(Beginning of STORED DATA)
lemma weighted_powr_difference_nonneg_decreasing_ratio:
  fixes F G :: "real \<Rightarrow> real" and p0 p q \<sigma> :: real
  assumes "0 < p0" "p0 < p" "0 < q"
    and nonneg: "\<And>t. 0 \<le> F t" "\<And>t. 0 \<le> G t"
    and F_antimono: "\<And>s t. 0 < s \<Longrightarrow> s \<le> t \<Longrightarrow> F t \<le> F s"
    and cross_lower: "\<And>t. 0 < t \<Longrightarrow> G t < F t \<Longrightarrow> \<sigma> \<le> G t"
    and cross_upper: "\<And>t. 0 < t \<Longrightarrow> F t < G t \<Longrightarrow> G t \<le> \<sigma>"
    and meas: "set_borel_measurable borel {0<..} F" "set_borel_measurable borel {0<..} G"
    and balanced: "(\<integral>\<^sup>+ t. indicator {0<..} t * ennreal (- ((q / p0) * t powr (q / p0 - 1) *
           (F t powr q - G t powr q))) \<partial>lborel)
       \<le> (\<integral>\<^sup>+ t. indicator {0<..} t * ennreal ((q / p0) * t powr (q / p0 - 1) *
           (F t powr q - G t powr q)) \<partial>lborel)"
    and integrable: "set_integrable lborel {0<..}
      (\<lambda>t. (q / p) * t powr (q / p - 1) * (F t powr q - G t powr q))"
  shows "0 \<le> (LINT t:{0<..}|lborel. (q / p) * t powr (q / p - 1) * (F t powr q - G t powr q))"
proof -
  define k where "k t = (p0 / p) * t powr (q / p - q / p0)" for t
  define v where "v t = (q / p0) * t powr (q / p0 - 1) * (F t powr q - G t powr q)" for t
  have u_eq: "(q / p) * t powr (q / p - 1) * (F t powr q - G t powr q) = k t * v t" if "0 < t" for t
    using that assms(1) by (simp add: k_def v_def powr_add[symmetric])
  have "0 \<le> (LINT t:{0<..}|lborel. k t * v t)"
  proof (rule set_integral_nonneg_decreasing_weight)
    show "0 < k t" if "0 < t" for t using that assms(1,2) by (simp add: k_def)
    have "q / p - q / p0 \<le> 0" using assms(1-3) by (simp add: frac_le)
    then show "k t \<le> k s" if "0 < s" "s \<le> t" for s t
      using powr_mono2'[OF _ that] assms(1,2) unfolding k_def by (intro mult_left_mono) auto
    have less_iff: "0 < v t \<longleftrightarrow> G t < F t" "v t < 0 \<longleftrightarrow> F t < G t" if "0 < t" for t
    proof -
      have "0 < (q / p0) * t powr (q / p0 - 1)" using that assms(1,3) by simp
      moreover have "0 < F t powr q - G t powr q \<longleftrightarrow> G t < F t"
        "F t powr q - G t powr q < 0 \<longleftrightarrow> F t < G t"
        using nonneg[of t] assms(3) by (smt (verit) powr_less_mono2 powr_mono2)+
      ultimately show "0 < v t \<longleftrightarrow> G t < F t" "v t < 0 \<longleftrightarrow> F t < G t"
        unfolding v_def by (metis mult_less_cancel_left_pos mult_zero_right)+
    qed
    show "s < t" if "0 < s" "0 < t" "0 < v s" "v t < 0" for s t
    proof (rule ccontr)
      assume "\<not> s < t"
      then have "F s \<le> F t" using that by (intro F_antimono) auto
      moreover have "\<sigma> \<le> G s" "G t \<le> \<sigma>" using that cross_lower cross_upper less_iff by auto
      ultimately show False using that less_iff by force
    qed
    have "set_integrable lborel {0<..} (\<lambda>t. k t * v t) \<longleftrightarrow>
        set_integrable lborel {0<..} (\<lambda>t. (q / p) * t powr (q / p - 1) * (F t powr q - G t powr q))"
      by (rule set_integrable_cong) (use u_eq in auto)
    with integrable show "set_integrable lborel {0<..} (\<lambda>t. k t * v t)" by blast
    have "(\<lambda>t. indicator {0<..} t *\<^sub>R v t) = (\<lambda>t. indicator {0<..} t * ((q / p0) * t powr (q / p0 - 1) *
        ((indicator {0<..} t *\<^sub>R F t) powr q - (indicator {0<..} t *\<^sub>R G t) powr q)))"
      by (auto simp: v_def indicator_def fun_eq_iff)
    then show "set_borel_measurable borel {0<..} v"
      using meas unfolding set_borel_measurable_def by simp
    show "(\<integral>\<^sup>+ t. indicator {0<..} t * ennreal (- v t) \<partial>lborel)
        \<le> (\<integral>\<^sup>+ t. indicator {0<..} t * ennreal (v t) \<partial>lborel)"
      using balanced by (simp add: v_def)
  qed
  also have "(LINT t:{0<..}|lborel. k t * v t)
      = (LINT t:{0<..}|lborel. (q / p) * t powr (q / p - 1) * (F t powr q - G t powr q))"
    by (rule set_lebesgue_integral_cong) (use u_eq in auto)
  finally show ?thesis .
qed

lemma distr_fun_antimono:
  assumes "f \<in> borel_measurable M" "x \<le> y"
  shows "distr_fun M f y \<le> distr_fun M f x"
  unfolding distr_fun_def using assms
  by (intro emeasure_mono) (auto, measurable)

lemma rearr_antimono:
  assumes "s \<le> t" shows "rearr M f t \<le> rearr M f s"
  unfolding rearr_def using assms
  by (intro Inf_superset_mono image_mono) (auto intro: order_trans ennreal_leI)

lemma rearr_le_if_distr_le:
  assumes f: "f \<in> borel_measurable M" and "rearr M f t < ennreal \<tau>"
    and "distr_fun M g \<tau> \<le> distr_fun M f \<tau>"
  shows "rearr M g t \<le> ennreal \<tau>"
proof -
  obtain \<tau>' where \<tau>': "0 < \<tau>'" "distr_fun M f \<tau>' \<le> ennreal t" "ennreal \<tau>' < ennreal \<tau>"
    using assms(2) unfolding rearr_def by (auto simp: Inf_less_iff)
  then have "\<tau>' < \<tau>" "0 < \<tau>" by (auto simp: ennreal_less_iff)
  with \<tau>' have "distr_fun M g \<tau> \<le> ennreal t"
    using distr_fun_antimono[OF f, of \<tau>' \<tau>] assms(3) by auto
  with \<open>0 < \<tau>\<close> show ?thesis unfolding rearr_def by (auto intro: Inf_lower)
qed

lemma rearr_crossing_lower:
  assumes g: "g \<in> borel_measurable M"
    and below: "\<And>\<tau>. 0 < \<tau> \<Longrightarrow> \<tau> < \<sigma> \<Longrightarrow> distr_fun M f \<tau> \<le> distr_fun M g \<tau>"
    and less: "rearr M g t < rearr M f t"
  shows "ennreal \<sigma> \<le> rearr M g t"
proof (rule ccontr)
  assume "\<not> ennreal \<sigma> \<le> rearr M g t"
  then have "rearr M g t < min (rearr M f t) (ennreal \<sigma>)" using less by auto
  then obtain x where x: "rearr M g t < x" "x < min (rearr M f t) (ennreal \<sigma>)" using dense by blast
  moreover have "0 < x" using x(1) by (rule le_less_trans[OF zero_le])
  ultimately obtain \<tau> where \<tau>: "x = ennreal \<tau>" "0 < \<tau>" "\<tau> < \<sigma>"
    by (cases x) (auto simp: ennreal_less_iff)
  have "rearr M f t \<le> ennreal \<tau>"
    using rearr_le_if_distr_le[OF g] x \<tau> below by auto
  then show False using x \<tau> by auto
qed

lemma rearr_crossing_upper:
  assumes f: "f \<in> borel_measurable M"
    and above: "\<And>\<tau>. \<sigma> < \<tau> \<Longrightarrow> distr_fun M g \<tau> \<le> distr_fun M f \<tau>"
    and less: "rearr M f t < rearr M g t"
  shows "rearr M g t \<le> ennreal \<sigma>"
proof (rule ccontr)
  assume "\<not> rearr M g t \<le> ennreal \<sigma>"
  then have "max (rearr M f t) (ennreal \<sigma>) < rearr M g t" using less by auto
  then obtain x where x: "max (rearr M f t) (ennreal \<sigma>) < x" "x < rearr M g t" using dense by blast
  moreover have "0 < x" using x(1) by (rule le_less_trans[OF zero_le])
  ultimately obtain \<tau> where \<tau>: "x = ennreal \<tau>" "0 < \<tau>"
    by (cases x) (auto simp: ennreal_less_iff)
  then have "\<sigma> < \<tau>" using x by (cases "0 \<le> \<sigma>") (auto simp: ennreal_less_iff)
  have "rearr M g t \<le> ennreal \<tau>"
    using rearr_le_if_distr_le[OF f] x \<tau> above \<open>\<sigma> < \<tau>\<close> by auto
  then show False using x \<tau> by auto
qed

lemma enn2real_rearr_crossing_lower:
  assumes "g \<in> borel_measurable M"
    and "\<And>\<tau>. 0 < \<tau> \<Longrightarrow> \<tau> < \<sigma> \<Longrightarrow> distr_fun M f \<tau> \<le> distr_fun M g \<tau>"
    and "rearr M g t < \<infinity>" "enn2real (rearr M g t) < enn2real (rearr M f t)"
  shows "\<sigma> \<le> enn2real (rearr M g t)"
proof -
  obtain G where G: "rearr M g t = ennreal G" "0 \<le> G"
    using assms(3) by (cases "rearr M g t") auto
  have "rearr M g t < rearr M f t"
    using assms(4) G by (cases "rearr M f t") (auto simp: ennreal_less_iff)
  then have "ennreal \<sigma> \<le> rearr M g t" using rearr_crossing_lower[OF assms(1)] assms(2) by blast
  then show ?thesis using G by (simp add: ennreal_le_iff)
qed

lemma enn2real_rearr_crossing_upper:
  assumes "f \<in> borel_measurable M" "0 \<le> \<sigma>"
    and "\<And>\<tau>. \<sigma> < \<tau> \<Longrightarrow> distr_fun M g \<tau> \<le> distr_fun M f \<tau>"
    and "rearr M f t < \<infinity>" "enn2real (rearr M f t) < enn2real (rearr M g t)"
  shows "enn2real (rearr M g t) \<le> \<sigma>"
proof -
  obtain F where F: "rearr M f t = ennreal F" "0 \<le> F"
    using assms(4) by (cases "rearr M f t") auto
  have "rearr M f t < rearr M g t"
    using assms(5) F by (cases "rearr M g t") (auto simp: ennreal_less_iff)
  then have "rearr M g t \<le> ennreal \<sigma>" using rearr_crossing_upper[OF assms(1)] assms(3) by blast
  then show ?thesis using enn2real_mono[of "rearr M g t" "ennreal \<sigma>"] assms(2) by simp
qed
(End of STORED DATA)
(Beginning of STORED DATA)
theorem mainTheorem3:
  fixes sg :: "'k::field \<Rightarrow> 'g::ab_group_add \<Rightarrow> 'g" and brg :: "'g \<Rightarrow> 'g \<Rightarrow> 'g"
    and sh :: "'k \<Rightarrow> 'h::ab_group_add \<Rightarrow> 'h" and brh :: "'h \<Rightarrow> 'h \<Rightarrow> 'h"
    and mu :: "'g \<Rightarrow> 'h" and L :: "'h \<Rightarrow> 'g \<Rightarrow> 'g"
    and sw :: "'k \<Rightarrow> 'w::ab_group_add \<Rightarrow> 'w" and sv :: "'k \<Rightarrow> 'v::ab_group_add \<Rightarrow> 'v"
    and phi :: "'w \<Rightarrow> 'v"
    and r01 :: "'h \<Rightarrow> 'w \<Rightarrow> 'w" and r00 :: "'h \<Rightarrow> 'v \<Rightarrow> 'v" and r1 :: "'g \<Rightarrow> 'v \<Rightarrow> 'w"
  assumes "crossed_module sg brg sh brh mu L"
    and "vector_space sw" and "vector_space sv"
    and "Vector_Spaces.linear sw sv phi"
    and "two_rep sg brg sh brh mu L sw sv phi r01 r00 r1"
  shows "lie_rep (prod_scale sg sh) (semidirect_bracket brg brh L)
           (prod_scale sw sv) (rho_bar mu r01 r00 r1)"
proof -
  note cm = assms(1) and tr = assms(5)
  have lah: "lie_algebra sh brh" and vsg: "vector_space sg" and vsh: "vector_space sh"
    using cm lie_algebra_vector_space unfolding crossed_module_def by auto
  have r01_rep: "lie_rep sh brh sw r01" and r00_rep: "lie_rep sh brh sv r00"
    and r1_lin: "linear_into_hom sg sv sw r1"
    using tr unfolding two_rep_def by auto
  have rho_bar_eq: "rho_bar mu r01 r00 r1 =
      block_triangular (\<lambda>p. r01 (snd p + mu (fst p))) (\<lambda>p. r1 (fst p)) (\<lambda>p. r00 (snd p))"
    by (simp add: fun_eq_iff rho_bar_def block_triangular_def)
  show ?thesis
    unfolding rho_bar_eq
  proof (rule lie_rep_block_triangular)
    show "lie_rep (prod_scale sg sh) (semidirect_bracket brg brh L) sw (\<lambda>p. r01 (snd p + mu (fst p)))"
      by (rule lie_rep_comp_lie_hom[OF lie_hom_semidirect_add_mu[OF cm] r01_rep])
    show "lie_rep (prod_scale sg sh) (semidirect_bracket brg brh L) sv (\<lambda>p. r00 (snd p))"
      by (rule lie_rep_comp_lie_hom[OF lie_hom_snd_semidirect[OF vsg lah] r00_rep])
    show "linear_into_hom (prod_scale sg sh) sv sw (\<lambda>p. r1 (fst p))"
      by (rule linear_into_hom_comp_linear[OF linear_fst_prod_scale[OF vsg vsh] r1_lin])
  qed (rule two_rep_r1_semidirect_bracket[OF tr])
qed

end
(End of STORED DATA)
● THE TASK
For this exercise, please output exactly the lines above starting at the line with "by (simp add: fun_eq_iff" and ending at the line with "L) sw (\<lambda>p.", ends included.

● SOLVED PROBLEM
    by (simp add: fun_eq_iff rho_bar_def block_triangular_def)
  show ?thesis
    unfolding rho_bar_eq
  proof (rule lie_rep_block_triangular)
    show "lie_rep (prod_scale sg sh) (semidirect_bracket brg brh L) sw (\<lambda>p. r01 (snd p + mu (fst p)))"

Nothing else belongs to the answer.